Grilling Know-How


Types of Grills
Braziers are designed for direct grilling with a firebox and rack. There are also more elaborate models with hoods, rotisseries, and air vents.
Hibachis are miniature-sized grills for direct-heat grilling. They are great for smaller quantities and the size makes them ideal for toting to a park or beach. Most have rack adjustments and air vents.
Kettle or Wagon Grills are designed for covered grilling, but also work well for direct grilling.
Starting the Fire
For gas grills, follow the manufacturer's instructions. Always be sure to have the grill lid open when lighting. Some grills have spark igniters that will start when the igniter is turned on. Others require a lighted match to be inserted into the lighting hole located at front or side of grill box. The first use of a grill will require longer preheating to temper the coals. Subsequent use normally requires about 5 minutes preheat time to heat the coals.
For charcoal grilling, allow about 30 minutes to preheat the briquettes. Self-lighting charcoal takes only 10 to 15 minutes to preheat.
Use enough charcoal for a single layer to extend about 1 inch beyond cooking area for direct grilling. For indirect grilling, use enough charcoal for a single layer around the perimeter of the grill. Additional charcoal may be necessary if the weather is humid or windy.
To light charcoal, push charcoal into a mound in the center of the grill. For regular briquettes, you can use an electric starter or one of the liquid or solid types of starter. Always follow manufacturer's instructions carefully. Starters work best if you wait about a minute after adding so there is time for it to penetrate the briquettes. Never add more starter after fire is started! And, only use starter designed for barbecuing. Never use gasoline or kerosene! Self-lighting briquettes don't require starter-just light them with a match.
When ready to use, coals will appear ash gray in daylight or glowing red at night.
Direct or Indirect Grilling
Direct cooking is where the coals are arranged in a single layer directly beneath the food. For highest heat, place coals close together. For more moderate heat, place coals about 1 inch apart.
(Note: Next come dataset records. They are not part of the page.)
lemma partial_difference_quotient_tendsto:
  fixes f :: "complex ^ 'n::finite \<Rightarrow> complex" and z0 :: "complex ^ 'n"
    and q :: "complex \<Rightarrow> complex ^ 'n"
  assumes cont: "continuous_on (prod_set K) f" and comp: "compact (prod_set K)"
    and sep: "separately_holomorphic K f"
    and z0: "z0 \<in> prod_set K" "z0 $ k \<in> interior (K k)"
    and q: "(q \<longlongrightarrow> z0) (at t0)" "eventually (\<lambda>t. q t \<in> prod_set K) (at t0)"
    and h: "(h has_field_derivative d) (at t0)" "h t0 = z0 $ k"
  shows "((\<lambda>t. (f (upd_coord (q t) k (h t)) - f (upd_coord (q t) k (z0 $ k))) / (t - t0))
           \<longlongrightarrow> d * partial_deriv f k z0) (at t0)"
proof -
  define c where "c = partial_deriv f k z0"
  define Q where "Q t = (h t - h t0) / (t - t0)" for t
  define E where "E t = (f (upd_coord (q t) k (h t)) - f (upd_coord (q t) k (z0 $ k))) / (t - t0) - Q t * c" for t
  have Q: "(Q \<longlongrightarrow> d) (at t0)"
    using h(1) unfolding Q_def has_field_derivative_iff .
  have h_lim: "(h \<longlongrightarrow> z0 $ k) (at t0)"
    using DERIV_isCont[OF h(1)] h(2) by (simp add: isCont_def)
  have "(E \<longlongrightarrow> 0) (at t0)"
  proof (rule tendstoI)
    fix \<epsilon> :: real assume \<epsilon>: "\<epsilon> > 0"
    define M where "M = norm d + 1"
    have M: "M > 0" by (simp add: M_def add_nonneg_pos)
    define \<epsilon>1 where "\<epsilon>1 = \<epsilon> / (2 * M)"
    have \<epsilon>1: "\<epsilon>1 > 0" "\<epsilon>1 * M < \<epsilon>" using \<epsilon> M by (simp_all add: \<epsilon>1_def)
    have "eventually (\<lambda>t. dist (Q t) d < 1) (at t0)"
      using Q by (rule tendstoD) simp
    with partial_increment_eventually_small[OF cont comp sep z0 q h_lim \<epsilon>1(1)]
    show "eventually (\<lambda>t. dist (E t) 0 < \<epsilon>) (at t0)"
    proof eventually_elim
      case (elim t)
      have "E t = (f (upd_coord (q t) k (h t)) - f (upd_coord (q t) k (z0 $ k)) - (h t - z0 $ k) * c) / (t - t0)"
        by (simp add: E_def Q_def h(2) diff_divide_distrib[symmetric] times_divide_eq_left)
      then have "norm (E t) \<le> \<epsilon>1 * norm (h t - z0 $ k) / norm (t - t0)"
        using elim(1) by (simp add: norm_divide c_def divide_right_mono)
      also have "\<dots> = \<epsilon>1 * norm (Q t)"
        by (simp add: Q_def h(2) norm_divide)
      also have "\<dots> \<le> \<epsilon>1 * M"
        using elim(2) norm_triangle_ineq2[of "Q t" d] \<epsilon>1(1) by (simp add: M_def dist_norm)
      finally show ?case using \<epsilon>1(2) by simp
    qed
  qed
  then have "((\<lambda>t. E t + Q t * c) \<longlongrightarrow> 0 + d * c) (at t0)"
    by (intro tendsto_intros Q)
  then show ?thesis by (simp add: E_def c_def)
qed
Indirect cooking is where the coals are arranged away from the food so the juices do not drip directly on the coals and cause flare-ups. Arrange the hot coals around the perimeter of the area where cooking will take place. Place a disposable foil drip pan directly under the food. A cover is necessary with this type cooking to hold in the heat and allow the heat to radiate back to the food indirectly.
Recipes indicate the timing for each method. Some smaller, quick-cooking foods only have directions for direct cooking while some larger items only include indirect cooking directions. Many items include both directions and you can select the method you prefer.
How Hot Is Hot
Test the heat of the grill by holding your hand, palm side down, at the same height where the food will cook. See how long before you must pull your hand away and use along with the following as a guide for determining the temperature;
Hot: 2 secondsmedium-hot: 3 secondsmedium: 4 secondsmedium-low: 5 secondslow: 6 seconds
Never allow excessive flare-ups to burn your food. Flare-ups are caused by excessive fat and/or too much heat.
Reduce flare-ups by lowering the heat. To accomplish this, raise the grill rack, cover the grill, spread the coals so there is more space between, or remove some coals.
For excessive flare-ups it may be necessary to remove the food from the grill and mist the flames with a water-spray bottle. Once the flames die down, you can resume grilling.
Selecting lean meats and trimming excess fat from meat before grilling will make flare-ups less of a problem. Choose indirect grilling for fatty cuts of meat.
Care and Cleaning
Clean your grill shortly after cooking. Soak the grill rack and utensils in sudsy water while you enjoy your barbecued foods. If the rack is too large for your sink, wrap it in wet newspapers or cover with wet paper towels. After standing, the rack and utensils should wipe clean. For cooked-on foods, use a stiff brush or a special grill-cleaning brush.
Before grilling, remove excess ash to allow for good air circulation around food. Always be sure air-vent holes are not covered with ash. Be sure ash is completely cold before discarding and always place recently used ash in a fire-proof container.
Gas grills self-clean the coals if you leave the burner on for 10 to 20 minutes after each use. Occasionally clean the interior of the grill box to eliminate build-up of grease or ash. Follow manufacturer's directions for cleaning.
Food Safety
Always keep foods refrigerated until just before grilling, even when marinating foods.
If precooking meats before grilling, transfer immediately to the hot grill. If they must stand before grilling, refrigerate rather than leaving at room temperature.
If grilling away from home, pack meats, salads, and sauces with lots of ice in a cooler to keep chilled until ready to grill.
Be sure to refrigerate any leftovers promptly after serving.